-- Material to process follows --
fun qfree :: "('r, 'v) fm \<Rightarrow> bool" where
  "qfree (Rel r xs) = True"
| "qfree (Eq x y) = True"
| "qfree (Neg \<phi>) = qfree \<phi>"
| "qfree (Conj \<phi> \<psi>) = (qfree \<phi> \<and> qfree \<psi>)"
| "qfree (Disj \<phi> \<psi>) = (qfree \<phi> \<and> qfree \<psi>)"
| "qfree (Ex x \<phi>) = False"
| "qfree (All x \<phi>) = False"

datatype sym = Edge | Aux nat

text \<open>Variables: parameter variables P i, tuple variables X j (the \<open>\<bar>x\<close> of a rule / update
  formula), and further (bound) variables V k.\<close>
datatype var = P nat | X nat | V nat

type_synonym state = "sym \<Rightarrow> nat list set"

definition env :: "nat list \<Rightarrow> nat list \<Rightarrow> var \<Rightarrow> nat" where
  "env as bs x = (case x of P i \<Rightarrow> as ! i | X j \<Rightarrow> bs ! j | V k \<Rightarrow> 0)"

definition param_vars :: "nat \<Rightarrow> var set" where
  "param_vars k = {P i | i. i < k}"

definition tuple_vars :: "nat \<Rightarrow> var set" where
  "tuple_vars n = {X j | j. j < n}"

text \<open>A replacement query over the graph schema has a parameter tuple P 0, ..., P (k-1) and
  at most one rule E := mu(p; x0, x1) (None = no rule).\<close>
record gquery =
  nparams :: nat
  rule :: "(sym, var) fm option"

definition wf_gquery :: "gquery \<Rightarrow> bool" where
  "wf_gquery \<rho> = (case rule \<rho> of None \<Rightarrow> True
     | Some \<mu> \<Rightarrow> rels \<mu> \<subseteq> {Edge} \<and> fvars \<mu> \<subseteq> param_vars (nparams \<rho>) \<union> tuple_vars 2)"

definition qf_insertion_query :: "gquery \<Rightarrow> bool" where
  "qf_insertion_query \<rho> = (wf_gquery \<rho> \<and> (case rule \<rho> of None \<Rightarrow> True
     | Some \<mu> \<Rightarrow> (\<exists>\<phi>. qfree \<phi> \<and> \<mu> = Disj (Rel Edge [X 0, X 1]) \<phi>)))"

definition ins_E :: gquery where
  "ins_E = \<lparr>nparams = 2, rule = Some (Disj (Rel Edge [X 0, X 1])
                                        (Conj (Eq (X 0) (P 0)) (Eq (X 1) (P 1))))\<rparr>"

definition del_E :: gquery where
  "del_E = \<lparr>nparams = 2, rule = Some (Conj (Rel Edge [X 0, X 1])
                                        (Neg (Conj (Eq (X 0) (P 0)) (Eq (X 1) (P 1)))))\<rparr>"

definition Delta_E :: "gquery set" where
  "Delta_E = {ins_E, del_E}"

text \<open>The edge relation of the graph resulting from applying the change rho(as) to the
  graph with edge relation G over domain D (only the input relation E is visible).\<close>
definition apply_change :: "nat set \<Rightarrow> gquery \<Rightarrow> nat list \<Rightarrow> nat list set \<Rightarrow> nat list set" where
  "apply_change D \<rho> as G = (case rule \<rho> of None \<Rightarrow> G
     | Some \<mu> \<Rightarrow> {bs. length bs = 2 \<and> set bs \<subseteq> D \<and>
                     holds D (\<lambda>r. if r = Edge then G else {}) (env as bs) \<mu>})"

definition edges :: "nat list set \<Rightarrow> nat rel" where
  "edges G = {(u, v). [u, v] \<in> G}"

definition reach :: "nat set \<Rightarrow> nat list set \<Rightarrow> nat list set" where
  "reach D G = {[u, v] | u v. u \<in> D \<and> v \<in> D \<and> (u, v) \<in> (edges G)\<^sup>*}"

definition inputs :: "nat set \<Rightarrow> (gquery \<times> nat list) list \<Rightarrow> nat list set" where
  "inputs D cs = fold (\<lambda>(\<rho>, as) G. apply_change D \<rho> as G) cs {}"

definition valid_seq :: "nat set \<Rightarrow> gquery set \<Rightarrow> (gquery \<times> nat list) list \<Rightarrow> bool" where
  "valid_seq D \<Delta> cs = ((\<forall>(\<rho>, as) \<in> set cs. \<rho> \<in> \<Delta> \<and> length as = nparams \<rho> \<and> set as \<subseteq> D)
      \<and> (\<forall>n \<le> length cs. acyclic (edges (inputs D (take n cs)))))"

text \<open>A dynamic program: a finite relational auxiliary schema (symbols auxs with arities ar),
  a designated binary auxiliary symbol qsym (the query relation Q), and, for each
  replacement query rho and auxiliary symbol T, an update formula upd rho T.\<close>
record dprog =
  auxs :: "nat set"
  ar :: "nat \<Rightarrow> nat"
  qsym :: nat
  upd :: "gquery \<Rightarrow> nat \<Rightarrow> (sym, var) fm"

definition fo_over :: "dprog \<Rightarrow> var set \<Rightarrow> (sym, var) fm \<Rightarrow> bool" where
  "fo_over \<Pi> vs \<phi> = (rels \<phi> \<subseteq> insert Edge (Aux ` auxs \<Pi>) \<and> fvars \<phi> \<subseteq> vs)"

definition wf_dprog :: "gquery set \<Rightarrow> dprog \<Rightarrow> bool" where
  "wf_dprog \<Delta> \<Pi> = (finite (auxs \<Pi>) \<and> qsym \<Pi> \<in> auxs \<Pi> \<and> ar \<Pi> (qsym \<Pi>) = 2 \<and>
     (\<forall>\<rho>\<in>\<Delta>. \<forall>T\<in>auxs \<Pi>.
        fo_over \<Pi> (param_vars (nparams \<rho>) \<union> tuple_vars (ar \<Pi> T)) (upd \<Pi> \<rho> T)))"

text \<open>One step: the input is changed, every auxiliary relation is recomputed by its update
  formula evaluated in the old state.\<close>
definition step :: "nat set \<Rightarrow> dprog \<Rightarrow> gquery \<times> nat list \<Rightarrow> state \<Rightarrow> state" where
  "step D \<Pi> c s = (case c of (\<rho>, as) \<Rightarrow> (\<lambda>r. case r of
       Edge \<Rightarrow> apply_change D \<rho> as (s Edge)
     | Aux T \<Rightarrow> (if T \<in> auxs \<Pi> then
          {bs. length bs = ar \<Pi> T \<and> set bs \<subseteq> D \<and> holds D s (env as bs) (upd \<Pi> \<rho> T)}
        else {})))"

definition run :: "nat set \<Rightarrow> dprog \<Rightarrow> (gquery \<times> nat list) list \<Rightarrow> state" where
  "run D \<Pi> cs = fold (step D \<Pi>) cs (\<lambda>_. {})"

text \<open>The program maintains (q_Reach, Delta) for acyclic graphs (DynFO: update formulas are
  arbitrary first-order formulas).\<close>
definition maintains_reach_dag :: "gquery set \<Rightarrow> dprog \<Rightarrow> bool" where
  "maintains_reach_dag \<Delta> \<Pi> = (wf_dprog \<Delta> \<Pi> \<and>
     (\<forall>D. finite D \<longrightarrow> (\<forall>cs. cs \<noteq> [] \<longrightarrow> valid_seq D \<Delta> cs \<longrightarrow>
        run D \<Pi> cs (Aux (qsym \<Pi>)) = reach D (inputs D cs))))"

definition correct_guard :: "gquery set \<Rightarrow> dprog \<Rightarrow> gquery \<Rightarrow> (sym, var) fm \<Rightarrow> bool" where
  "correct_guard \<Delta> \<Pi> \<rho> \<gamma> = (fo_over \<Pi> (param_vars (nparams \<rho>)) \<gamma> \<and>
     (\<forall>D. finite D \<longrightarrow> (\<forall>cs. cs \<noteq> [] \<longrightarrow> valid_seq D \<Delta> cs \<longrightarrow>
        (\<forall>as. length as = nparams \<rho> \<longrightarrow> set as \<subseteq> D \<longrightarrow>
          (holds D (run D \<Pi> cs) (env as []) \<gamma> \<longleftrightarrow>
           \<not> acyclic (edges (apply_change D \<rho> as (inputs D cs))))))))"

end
-- Material to process concluded --
## Task goal
Could you write out, exactly as they stand, only the lines above that begin at the line with "fo_over \<Pi> (param_vars (nparams \<rho>) \<union>" and stop after the line with "(nparams \<rho>)) \<gamma> \<and>"?

## Finished task
        fo_over \<Pi> (param_vars (nparams \<rho>) \<union> tuple_vars (ar \<Pi> T)) (upd \<Pi> \<rho> T)))"

text \<open>One step: the input is changed, every auxiliary relation is recomputed by its update
  formula evaluated in the old state.\<close>
definition step :: "nat set \<Rightarrow> dprog \<Rightarrow> gquery \<times> nat list \<Rightarrow> state \<Rightarrow> state" where
  "step D \<Pi> c s = (case c of (\<rho>, as) \<Rightarrow> (\<lambda>r. case r of
       Edge \<Rightarrow> apply_change D \<rho> as (s Edge)
     | Aux T \<Rightarrow> (if T \<in> auxs \<Pi> then
          {bs. length bs = ar \<Pi> T \<and> set bs \<subseteq> D \<and> holds D s (env as bs) (upd \<Pi> \<rho> T)}
        else {})))"

definition run :: "nat set \<Rightarrow> dprog \<Rightarrow> (gquery \<times> nat list) list \<Rightarrow> state" where
  "run D \<Pi> cs = fold (step D \<Pi>) cs (\<lambda>_. {})"

text \<open>The program maintains (q_Reach, Delta) for acyclic graphs (DynFO: update formulas are
  arbitrary first-order formulas).\<close>
definition maintains_reach_dag :: "gquery set \<Rightarrow> dprog \<Rightarrow> bool" where
  "maintains_reach_dag \<Delta> \<Pi> = (wf_dprog \<Delta> \<Pi> \<and>
     (\<forall>D. finite D \<longrightarrow> (\<forall>cs. cs \<noteq> [] \<longrightarrow> valid_seq D \<Delta> cs \<longrightarrow>
        run D \<Pi> cs (Aux (qsym \<Pi>)) = reach D (inputs D cs))))"

definition correct_guard :: "gquery set \<Rightarrow> dprog \<Rightarrow> gquery \<Rightarrow> (sym, var) fm \<Rightarrow> bool" where
  "correct_guard \<Delta> \<Pi> \<rho> \<gamma> = (fo_over \<Pi> (param_vars (nparams \<rho>)) \<gamma> \<and>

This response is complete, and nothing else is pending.